→ WORK ITEM: From the data below, return the exact lines starting at the line containing "obtain s1 where" and ending at the line containing "obtain tb where", both included, and nothing else.

→ Saved entries:
+-------+

lemma flux_recovery_bound:
  assumes tb: "0 < tb" "tb \<le> t2" "t2 \<le> \<epsilon>" "v a tb = \<beta>" and "0 < g"
    and below: "\<And>r. tb \<le> r \<Longrightarrow> r \<le> t2 \<Longrightarrow> flux r \<le> - g"
  shows "(flux t2 - flux tb) * g powr (1/(p-1)) \<le> h tb * (Cm * (\<beta> powr (1-m)/(1-m) + \<beta>))"
proof -
  define w where "w = g powr (1/(p-1))"
  define \<nu> where "\<nu> = v a t2"
  define \<eta> where "\<eta> = h tb"
  have w: "0 < w" using \<open>0 < g\<close> by (simp add: w_def)
  have \<nu>: "0 < \<nu>" using v_pos tb by (simp add: \<nu>_def)
  have \<eta>: "0 < \<eta>" using h_pos tb eps_lt_T by (simp add: \<eta>_def)
  have profile: "\<nu> + w * (t2 - r) \<le> v a r" "v a r \<le> \<beta>" if "tb \<le> r" "r \<le> t2" for r
    using descent_profile[OF tb less_imp_le[OF \<open>0 < g\<close>] _ that] below unfolding w_def \<nu>_def
    by blast+
  have span: "t2 - tb \<le> \<beta> / w" using profile(1)[of tb] tb \<nu> w by (simp add: field_simps)
  define J where "J = ((\<nu> + w * (t2 - tb)) powr (1-m) - \<nu> powr (1-m)) / (w * (1-m))"
  have J_le: "J \<le> \<beta> powr (1-m) / (w * (1-m))"
  proof -
    have "(\<nu> + w * (t2 - tb)) powr (1-m) \<le> \<beta> powr (1-m)"
      using profile[of tb] tb \<nu> w m_lt_1 by (intro powr_mono2) (auto simp: add_pos_nonneg)
    then have "(\<nu> + w * (t2 - tb)) powr (1-m) - \<nu> powr (1-m) \<le> \<beta> powr (1-m)"
      using powr_ge_zero[of \<nu> "1-m"] by linarith
    then show ?thesis unfolding J_def using w m_lt_1 by (intro divide_right_mono) auto
  qed
  have majorant: "((\<lambda>r. \<eta> * Cm * (\<nu> + w * (t2 - r)) powr (-m) + \<eta> * Cm) has_integral
      (\<eta> * Cm * J + (t2 - tb) * (\<eta> * Cm))) {tb..t2}"
  proof (rule has_integral_add)
    show "((\<lambda>r. \<eta> * Cm * (\<nu> + w * (t2 - r)) powr (-m)) has_integral \<eta> * Cm * J) {tb..t2}"
      unfolding J_def using tb \<nu> w m_lt_1 by (intro has_integral_mult_right has_integral_powr_affine) auto
    show "((\<lambda>r. \<eta> * Cm) has_integral (t2 - tb) * (\<eta> * Cm)) {tb..t2}"
      using has_integral_const_real[of "\<eta> * Cm" tb t2] tb by simp
  qed
  have "flux t2 - flux tb = integral {tb..t2} (\<lambda>r. - (h r * f (v a r)))"
    using flux_diff[of tb t2] tb eps_lt_T by (simp add: integral_neg)
  also have "\<dots> \<le> \<eta> * Cm * J + (t2 - tb) * (\<eta> * Cm)"
  proof (rule has_integral_le[OF integrable_integral majorant])
    show "(\<lambda>r. - (h r * f (v a r))) integrable_on {tb..t2}"
      using forcing_integrable_on[of tb t2] tb eps_lt_T by (simp add: integrable_neg)
    fix r assume "r \<in> {tb..t2}"
    then have r: "tb \<le> r" "r \<le> t2" by auto
    show "- (h r * f (v a r)) \<le> \<eta> * Cm * (\<nu> + w * (t2 - r)) powr (-m) + \<eta> * Cm"
      unfolding \<eta>_def using \<nu> w r tb profile[OF r]
      by (intro singular_forcing_le) (auto simp: add_pos_nonneg)
  qed
  also have "\<dots> \<le> \<eta> * Cm * (\<beta> powr (1-m) / (w * (1-m))) + (\<beta> / w) * (\<eta> * Cm)"
    using J_le span \<eta> Cm_nonneg by (intro add_mono mult_left_mono mult_right_mono) auto
  also have "\<dots> = \<eta> * (Cm * (\<beta> powr (1-m)/(1-m) + \<beta>)) / w"
    using w m_lt_1 by (simp add: field_simps)
  finally show ?thesis using w by (simp add: w_def \<eta>_def field_simps)
qed

lemma positive_trajectory_absurd: False
proof -
  obtain s1 where s1: "0 < s1" "s1 \<le> \<epsilon>/4" "v a s1 = \<beta>" "a powr (p-1) \<le> flux s1"
    by (rule reaches_beta_early)
  obtain u where u: "s1 < u" "u \<le> \<epsilon>/2" "flux u = 0" "\<And>t. s1 \<le> t \<Longrightarrow> t \<le> u \<Longrightarrow> 0 \<le> flux t"
    using flux_vanishes[OF s1] by blast
  define A where "A = v a u"
  have "Astar \<le> A" unfolding A_def
    by (rule amplitude_large[OF s1(1,3,4)]) (use u eps_pos a_pos in auto)
  then have amp: "large_amplitude \<epsilon> A" by (rule amplitude)
  then have A: "0 < A" using beta_pos by (simp add: large_amplitude_def)
  obtain tb where tb: "u < tb" "tb \<le> 5*\<epsilon>/8" "v a tb = \<beta>"
    and flux_tb: "(decay_rate l (h tb) A * A / 2) powr ((p-1)/p) \<le> - flux tb"
    using returns_to_beta[OF _ u(2,3)] \<open>Astar \<le> A\<close> u(1) s1(1) unfolding A_def by auto
  have tb_pos: "0 < tb" and tb_le: "tb \<le> \<epsilon>" using tb u s1 eps_pos by auto
  have h_tb: "h \<epsilon> \<le> h tb" "0 < h tb" using h_eps_le[OF tb_pos tb_le] h_eps_pos by auto
  define g where "g = - flux tb / 2"
  have flux_tb': "(decay_rate l (h tb) A * A / 2) powr ((p-1)/p) \<le> 2 * g" using flux_tb by (simp add: g_def)
  have "0 < (decay_rate l (h tb) A * A / 2) powr ((p-1)/p)" using h_tb A by (simp add: decay_rate_def)
  then have g: "0 < g" using flux_tb' by linarith
  have "0 < descent_speed p l (h \<epsilon>) A"
    using descent_speed_eq[OF p_gt_1 h_eps_pos A] A h_eps_pos by simp
  then have "\<beta> \<le> descent_speed p l (h \<epsilon>) A * (3*\<epsilon>/8)"
    using amp by (simp add: large_amplitude_def pos_divide_le_eq mult.commute)
  also have "\<dots> \<le> g powr (1/(p-1)) * (\<epsilon> - tb)"
    using descent_speed_le[OF p_gt_1 h_eps_pos h_tb(1) A flux_tb'] tb eps_pos by (intro mult_mono) auto
  finally obtain t2 where t2: "tb < t2" "t2 \<le> \<epsilon>" "flux t2 = - g"
    and below: "\<And>r. tb \<le> r \<Longrightarrow> r \<le> t2 \<Longrightarrow> flux r \<le> - g"
    using flux_recovers[OF tb_pos tb_le tb(3) g] g by (auto simp: g_def)
  have "g * g powr (1/(p-1)) \<le> h tb * (Cm * (\<beta> powr (1-m)/(1-m) + \<beta>))"
    using flux_recovery_bound[OF tb_pos less_imp_le[OF t2(1)] t2(2) tb(3) g below] t2(3)
    by (simp add: g_def)
  from amplitude_le_of_flux_recovery[OF p_gt_1 h_tb(2) A g _ this] flux_tb
  have "(A/2) powr l / 2 * A \<le> 2 powr (2 + 1/(p-1)) * (Cm * (\<beta> powr (1-m)/(1-m) + \<beta>))"
    by (simp add: g_def)
  then show False using amp by (simp add: large_amplitude_def)
qed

+-------+

→ TASK OUTPUT:
  obtain s1 where s1: "0 < s1" "s1 \<le> \<epsilon>/4" "v a s1 = \<beta>" "a powr (p-1) \<le> flux s1"
    by (rule reaches_beta_early)
  obtain u where u: "s1 < u" "u \<le> \<epsilon>/2" "flux u = 0" "\<And>t. s1 \<le> t \<Longrightarrow> t \<le> u \<Longrightarrow> 0 \<le> flux t"
    using flux_vanishes[OF s1] by blast
  define A where "A = v a u"
  have "Astar \<le> A" unfolding A_def
    by (rule amplitude_large[OF s1(1,3,4)]) (use u eps_pos a_pos in auto)
  then have amp: "large_amplitude \<epsilon> A" by (rule amplitude)
  then have A: "0 < A" using beta_pos by (simp add: large_amplitude_def)
  obtain tb where tb: "u < tb" "tb \<le> 5*\<epsilon>/8" "v a tb = \<beta>"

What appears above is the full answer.